━━━ INFORMATION SUPPLIED ━━━
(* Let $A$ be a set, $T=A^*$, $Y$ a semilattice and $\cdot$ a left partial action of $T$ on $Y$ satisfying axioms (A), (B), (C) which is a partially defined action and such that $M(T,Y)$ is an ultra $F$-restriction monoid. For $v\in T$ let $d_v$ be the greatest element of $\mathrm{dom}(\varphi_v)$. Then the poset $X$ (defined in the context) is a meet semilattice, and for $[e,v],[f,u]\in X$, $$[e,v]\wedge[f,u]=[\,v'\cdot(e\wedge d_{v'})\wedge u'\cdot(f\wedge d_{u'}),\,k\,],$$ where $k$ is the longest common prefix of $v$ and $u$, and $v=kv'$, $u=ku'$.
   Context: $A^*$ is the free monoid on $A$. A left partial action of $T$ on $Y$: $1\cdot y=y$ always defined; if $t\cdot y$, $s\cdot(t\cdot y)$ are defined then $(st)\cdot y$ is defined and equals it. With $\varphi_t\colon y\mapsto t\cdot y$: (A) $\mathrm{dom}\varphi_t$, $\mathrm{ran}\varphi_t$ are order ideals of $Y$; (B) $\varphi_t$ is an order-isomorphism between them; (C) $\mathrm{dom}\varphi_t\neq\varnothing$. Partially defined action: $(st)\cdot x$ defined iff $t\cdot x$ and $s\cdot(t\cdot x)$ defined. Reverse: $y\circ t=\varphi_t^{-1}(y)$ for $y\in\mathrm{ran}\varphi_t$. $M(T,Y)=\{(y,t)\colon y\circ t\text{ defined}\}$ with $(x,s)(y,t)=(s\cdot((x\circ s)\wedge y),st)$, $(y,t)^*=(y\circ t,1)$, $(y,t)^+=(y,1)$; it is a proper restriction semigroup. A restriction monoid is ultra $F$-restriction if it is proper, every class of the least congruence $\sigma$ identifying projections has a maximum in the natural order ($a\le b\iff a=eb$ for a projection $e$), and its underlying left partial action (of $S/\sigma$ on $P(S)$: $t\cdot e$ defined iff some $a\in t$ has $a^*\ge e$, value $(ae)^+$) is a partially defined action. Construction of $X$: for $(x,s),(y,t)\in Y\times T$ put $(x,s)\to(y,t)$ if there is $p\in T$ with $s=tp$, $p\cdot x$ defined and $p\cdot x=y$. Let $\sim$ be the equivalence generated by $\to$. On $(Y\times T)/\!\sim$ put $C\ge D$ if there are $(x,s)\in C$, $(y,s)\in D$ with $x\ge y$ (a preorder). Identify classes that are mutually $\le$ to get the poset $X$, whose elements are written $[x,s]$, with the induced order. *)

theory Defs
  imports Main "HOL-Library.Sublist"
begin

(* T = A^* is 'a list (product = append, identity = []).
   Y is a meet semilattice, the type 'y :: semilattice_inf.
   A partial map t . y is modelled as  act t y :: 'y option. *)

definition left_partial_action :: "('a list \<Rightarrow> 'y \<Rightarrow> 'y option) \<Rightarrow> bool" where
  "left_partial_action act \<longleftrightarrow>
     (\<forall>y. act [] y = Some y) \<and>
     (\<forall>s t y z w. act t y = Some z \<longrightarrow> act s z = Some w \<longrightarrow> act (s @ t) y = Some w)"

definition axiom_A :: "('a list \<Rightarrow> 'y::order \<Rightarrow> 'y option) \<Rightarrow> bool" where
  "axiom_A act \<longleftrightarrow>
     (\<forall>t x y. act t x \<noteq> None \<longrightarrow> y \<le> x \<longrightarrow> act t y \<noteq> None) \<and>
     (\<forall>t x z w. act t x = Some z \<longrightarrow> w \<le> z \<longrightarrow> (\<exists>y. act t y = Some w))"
━━━
TASK DETAILS: Print the whole listing above exactly, please.

REPLY:
(* Let $A$ be a set, $T=A^*$, $Y$ a semilattice and $\cdot$ a left partial action of $T$ on $Y$ satisfying axioms (A), (B), (C) which is a partially defined action and such that $M(T,Y)$ is an ultra $F$-restriction monoid. For $v\in T$ let $d_v$ be the greatest element of $\mathrm{dom}(\varphi_v)$. Then the poset $X$ (defined in the context) is a meet semilattice, and for $[e,v],[f,u]\in X$, $$[e,v]\wedge[f,u]=[\,v'\cdot(e\wedge d_{v'})\wedge u'\cdot(f\wedge d_{u'}),\,k\,],$$ where $k$ is the longest common prefix of $v$ and $u$, and $v=kv'$, $u=ku'$.
   Context: $A^*$ is the free monoid on $A$. A left partial action of $T$ on $Y$: $1\cdot y=y$ always defined; if $t\cdot y$, $s\cdot(t\cdot y)$ are defined then $(st)\cdot y$ is defined and equals it. With $\varphi_t\colon y\mapsto t\cdot y$: (A) $\mathrm{dom}\varphi_t$, $\mathrm{ran}\varphi_t$ are order ideals of $Y$; (B) $\varphi_t$ is an order-isomorphism between them; (C) $\mathrm{dom}\varphi_t\neq\varnothing$. Partially defined action: $(st)\cdot x$ defined iff $t\cdot x$ and $s\cdot(t\cdot x)$ defined. Reverse: $y\circ t=\varphi_t^{-1}(y)$ for $y\in\mathrm{ran}\varphi_t$. $M(T,Y)=\{(y,t)\colon y\circ t\text{ defined}\}$ with $(x,s)(y,t)=(s\cdot((x\circ s)\wedge y),st)$, $(y,t)^*=(y\circ t,1)$, $(y,t)^+=(y,1)$; it is a proper restriction semigroup. A restriction monoid is ultra $F$-restriction if it is proper, every class of the least congruence $\sigma$ identifying projections has a maximum in the natural order ($a\le b\iff a=eb$ for a projection $e$), and its underlying left partial action (of $S/\sigma$ on $P(S)$: $t\cdot e$ defined iff some $a\in t$ has $a^*\ge e$, value $(ae)^+$) is a partially defined action. Construction of $X$: for $(x,s),(y,t)\in Y\times T$ put $(x,s)\to(y,t)$ if there is $p\in T$ with $s=tp$, $p\cdot x$ defined and $p\cdot x=y$. Let $\sim$ be the equivalence generated by $\to$. On $(Y\times T)/\!\sim$ put $C\ge D$ if there are $(x,s)\in C$, $(y,s)\in D$ with $x\ge y$ (a preorder). Identify classes that are mutually $\le$ to get the poset $X$, whose elements are written $[x,s]$, with the induced order. *)

theory Defs
  imports Main "HOL-Library.Sublist"
begin

(* T = A^* is 'a list (product = append, identity = []).
   Y is a meet semilattice, the type 'y :: semilattice_inf.
   A partial map t . y is modelled as  act t y :: 'y option. *)

definition left_partial_action :: "('a list \<Rightarrow> 'y \<Rightarrow> 'y option) \<Rightarrow> bool" where
  "left_partial_action act \<longleftrightarrow>
     (\<forall>y. act [] y = Some y) \<and>
     (\<forall>s t y z w. act t y = Some z \<longrightarrow> act s z = Some w \<longrightarrow> act (s @ t) y = Some w)"

definition axiom_A :: "('a list \<Rightarrow> 'y::order \<Rightarrow> 'y option) \<Rightarrow> bool" where
  "axiom_A act \<longleftrightarrow>
     (\<forall>t x y. act t x \<noteq> None \<longrightarrow> y \<le> x \<longrightarrow> act t y \<noteq> None) \<and>
     (\<forall>t x z w. act t x = Some z \<longrightarrow> w \<le> z \<longrightarrow> (\<exists>y. act t y = Some w))"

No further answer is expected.